● What needs to be done
Reading the records beneath this task, work out how many lines contain the word "option" and reply with only that number.

● Data for the task
"""

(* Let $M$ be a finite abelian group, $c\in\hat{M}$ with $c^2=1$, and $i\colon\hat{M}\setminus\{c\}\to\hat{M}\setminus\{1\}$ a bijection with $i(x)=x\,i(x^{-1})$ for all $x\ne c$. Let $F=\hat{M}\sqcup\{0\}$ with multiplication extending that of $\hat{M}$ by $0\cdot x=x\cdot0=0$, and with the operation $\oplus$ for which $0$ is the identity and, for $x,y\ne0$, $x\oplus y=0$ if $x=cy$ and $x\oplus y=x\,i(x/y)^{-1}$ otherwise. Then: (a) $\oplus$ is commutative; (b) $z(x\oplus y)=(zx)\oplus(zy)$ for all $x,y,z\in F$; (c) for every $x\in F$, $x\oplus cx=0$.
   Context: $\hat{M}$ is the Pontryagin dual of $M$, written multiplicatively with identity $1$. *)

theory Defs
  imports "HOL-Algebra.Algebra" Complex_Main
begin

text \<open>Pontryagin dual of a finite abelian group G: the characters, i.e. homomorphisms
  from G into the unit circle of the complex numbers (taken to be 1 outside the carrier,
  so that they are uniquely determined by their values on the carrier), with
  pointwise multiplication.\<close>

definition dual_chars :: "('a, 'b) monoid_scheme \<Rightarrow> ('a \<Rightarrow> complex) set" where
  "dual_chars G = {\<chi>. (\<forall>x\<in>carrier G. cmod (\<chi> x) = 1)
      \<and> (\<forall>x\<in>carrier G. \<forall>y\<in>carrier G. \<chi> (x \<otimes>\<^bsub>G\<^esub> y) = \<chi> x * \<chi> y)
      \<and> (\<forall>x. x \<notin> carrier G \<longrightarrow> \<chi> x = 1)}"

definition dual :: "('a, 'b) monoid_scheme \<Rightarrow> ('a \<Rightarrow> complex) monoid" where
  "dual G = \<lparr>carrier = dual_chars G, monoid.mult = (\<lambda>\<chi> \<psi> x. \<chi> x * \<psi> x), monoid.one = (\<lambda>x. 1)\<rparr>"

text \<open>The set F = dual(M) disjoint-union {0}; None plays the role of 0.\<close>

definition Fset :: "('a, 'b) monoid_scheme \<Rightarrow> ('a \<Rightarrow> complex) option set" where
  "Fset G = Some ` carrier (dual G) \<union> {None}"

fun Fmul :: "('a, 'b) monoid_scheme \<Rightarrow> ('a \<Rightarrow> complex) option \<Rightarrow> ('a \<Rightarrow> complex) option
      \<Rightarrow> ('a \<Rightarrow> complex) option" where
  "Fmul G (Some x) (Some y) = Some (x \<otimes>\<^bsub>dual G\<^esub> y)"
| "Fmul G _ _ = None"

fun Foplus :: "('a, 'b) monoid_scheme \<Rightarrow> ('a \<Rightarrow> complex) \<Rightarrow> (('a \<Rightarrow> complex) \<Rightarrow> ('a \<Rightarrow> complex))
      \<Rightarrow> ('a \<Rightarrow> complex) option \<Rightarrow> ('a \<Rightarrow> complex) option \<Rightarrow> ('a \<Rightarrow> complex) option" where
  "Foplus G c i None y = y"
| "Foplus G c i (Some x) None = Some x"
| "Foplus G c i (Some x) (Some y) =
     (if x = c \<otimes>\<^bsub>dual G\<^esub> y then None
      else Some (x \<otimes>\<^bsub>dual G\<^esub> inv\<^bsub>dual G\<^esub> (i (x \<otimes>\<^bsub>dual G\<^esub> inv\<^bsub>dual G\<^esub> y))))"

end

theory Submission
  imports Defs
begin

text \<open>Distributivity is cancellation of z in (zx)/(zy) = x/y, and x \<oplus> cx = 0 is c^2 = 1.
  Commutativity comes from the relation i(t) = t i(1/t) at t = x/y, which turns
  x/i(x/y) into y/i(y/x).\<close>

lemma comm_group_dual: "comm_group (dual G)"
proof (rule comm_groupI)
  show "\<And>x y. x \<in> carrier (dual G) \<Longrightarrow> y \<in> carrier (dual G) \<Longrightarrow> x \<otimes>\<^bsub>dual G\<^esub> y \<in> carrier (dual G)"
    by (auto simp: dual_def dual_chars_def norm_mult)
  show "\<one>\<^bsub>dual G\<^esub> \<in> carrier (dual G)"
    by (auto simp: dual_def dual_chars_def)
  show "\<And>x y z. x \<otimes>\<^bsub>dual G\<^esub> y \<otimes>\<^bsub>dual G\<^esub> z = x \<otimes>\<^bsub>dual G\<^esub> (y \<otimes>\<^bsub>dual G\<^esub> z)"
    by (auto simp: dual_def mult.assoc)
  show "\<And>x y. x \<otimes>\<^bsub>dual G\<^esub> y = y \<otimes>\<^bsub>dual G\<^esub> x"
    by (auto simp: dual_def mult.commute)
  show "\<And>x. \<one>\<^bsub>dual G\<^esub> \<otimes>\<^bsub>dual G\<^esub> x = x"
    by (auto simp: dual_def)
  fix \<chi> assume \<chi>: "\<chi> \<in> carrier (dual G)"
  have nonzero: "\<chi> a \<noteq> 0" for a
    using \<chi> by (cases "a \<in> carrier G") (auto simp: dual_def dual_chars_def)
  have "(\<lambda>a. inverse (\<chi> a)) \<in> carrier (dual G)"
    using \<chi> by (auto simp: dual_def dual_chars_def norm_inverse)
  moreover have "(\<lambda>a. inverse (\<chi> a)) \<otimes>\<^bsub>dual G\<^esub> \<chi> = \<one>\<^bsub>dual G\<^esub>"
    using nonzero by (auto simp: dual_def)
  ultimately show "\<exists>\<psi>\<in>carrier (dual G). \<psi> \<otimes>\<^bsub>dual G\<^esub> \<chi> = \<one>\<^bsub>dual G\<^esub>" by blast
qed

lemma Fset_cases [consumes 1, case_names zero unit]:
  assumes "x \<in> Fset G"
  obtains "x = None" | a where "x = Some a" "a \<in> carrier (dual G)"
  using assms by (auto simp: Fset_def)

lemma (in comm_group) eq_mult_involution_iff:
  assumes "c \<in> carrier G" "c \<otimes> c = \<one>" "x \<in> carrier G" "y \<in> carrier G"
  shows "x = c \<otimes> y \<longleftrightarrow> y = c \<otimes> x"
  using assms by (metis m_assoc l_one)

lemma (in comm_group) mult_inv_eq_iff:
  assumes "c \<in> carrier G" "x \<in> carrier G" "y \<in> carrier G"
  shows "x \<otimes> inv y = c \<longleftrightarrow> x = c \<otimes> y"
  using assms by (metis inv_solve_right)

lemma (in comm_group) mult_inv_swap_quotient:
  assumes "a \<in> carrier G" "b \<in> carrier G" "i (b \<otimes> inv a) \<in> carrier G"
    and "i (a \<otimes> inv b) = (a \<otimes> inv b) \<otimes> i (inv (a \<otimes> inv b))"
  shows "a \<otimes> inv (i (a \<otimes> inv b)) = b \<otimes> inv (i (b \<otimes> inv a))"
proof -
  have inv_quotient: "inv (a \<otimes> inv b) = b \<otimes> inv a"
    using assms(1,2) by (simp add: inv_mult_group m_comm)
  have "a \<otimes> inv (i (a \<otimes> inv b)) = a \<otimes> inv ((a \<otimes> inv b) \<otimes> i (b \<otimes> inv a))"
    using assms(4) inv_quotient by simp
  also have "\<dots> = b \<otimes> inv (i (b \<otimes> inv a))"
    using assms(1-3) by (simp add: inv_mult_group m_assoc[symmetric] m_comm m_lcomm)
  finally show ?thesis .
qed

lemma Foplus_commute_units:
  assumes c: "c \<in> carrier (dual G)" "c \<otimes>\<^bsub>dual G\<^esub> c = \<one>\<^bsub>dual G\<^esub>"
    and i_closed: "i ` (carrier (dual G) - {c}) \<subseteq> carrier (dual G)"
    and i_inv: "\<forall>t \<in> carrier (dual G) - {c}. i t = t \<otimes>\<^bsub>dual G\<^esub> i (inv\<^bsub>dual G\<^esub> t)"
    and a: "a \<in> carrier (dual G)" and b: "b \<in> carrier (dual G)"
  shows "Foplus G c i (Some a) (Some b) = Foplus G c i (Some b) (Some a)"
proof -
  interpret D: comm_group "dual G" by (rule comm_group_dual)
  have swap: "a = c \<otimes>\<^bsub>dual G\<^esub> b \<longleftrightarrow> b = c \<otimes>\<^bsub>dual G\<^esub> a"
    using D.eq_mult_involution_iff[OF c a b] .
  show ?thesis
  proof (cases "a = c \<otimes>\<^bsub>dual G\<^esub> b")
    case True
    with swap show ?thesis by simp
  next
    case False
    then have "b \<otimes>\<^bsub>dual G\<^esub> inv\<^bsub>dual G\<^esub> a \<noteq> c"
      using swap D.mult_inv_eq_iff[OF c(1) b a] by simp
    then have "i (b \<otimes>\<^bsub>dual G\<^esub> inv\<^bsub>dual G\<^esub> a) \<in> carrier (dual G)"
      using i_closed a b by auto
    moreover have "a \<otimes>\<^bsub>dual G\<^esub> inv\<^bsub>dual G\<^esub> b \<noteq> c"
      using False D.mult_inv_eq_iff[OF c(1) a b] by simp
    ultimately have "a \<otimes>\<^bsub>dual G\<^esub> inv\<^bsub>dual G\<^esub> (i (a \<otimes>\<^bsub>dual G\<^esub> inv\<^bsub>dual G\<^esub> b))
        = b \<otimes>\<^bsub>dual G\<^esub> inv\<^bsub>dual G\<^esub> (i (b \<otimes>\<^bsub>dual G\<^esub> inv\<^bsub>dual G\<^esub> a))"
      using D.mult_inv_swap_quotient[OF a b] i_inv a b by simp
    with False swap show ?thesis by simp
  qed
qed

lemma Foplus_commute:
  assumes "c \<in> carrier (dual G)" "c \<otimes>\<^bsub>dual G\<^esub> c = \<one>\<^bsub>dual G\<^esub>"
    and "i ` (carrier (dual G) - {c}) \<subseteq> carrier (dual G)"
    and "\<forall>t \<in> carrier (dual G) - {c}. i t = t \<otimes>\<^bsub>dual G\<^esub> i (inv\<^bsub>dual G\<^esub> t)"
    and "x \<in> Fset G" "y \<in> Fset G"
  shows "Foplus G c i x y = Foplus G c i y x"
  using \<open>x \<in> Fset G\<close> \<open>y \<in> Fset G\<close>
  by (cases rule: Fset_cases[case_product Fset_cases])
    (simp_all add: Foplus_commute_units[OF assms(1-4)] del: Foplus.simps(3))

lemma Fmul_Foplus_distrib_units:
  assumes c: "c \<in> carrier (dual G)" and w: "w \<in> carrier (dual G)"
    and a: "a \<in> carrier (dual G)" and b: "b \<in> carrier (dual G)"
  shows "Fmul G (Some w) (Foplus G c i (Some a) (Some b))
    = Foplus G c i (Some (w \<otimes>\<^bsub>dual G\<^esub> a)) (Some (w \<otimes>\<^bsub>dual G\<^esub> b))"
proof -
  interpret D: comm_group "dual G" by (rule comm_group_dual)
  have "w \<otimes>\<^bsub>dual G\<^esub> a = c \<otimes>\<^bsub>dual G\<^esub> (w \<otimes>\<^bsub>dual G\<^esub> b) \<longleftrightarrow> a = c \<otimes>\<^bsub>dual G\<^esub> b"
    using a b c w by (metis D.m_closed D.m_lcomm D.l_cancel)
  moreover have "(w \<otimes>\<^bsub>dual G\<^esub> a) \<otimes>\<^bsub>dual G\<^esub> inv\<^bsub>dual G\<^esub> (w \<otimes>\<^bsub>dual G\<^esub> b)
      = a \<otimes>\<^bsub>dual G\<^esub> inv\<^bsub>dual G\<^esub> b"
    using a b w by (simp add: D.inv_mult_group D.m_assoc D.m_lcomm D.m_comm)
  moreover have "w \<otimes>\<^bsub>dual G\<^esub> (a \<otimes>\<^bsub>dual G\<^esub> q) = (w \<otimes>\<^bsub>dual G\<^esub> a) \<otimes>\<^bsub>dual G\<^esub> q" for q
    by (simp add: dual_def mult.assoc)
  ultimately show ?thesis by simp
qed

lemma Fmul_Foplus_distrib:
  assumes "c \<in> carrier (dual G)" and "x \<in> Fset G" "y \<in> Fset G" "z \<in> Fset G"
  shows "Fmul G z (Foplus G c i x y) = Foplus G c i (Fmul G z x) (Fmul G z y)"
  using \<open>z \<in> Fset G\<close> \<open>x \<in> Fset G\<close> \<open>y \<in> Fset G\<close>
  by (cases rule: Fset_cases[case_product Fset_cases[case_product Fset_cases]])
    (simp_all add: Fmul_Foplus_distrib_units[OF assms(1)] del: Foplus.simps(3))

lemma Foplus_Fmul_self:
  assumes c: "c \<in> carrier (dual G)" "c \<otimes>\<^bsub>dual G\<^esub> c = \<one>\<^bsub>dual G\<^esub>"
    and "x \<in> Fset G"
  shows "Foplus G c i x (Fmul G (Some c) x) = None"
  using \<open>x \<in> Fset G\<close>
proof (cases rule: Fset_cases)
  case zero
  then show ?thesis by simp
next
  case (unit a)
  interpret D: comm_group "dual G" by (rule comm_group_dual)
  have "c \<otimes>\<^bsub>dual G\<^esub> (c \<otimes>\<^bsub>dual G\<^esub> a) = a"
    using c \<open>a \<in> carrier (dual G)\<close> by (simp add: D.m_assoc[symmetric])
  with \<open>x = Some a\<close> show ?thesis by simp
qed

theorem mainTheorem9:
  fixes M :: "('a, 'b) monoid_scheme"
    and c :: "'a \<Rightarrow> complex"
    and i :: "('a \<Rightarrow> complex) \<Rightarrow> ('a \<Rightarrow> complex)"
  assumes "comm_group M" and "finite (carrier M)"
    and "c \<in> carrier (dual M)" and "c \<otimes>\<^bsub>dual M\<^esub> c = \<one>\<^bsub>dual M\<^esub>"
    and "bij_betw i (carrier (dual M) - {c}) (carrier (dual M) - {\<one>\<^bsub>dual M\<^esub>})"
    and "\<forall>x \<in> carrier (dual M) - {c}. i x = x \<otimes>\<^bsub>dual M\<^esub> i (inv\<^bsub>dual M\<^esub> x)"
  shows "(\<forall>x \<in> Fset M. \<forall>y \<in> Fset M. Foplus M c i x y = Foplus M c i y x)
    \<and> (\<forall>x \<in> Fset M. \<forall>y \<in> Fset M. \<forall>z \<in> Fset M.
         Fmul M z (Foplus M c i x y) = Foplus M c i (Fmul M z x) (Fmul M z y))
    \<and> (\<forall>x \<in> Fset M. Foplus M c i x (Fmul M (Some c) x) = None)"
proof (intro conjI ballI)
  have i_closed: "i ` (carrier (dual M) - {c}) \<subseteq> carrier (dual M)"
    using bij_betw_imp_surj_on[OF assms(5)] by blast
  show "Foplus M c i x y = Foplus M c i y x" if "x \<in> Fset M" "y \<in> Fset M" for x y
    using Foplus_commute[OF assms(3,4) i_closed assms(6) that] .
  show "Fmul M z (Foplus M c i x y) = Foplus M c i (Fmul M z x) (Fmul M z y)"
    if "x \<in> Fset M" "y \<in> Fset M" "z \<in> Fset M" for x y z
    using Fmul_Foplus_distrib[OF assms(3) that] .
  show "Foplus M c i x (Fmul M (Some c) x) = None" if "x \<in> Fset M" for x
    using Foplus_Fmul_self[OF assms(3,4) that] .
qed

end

"""

● Answer for this exercise
4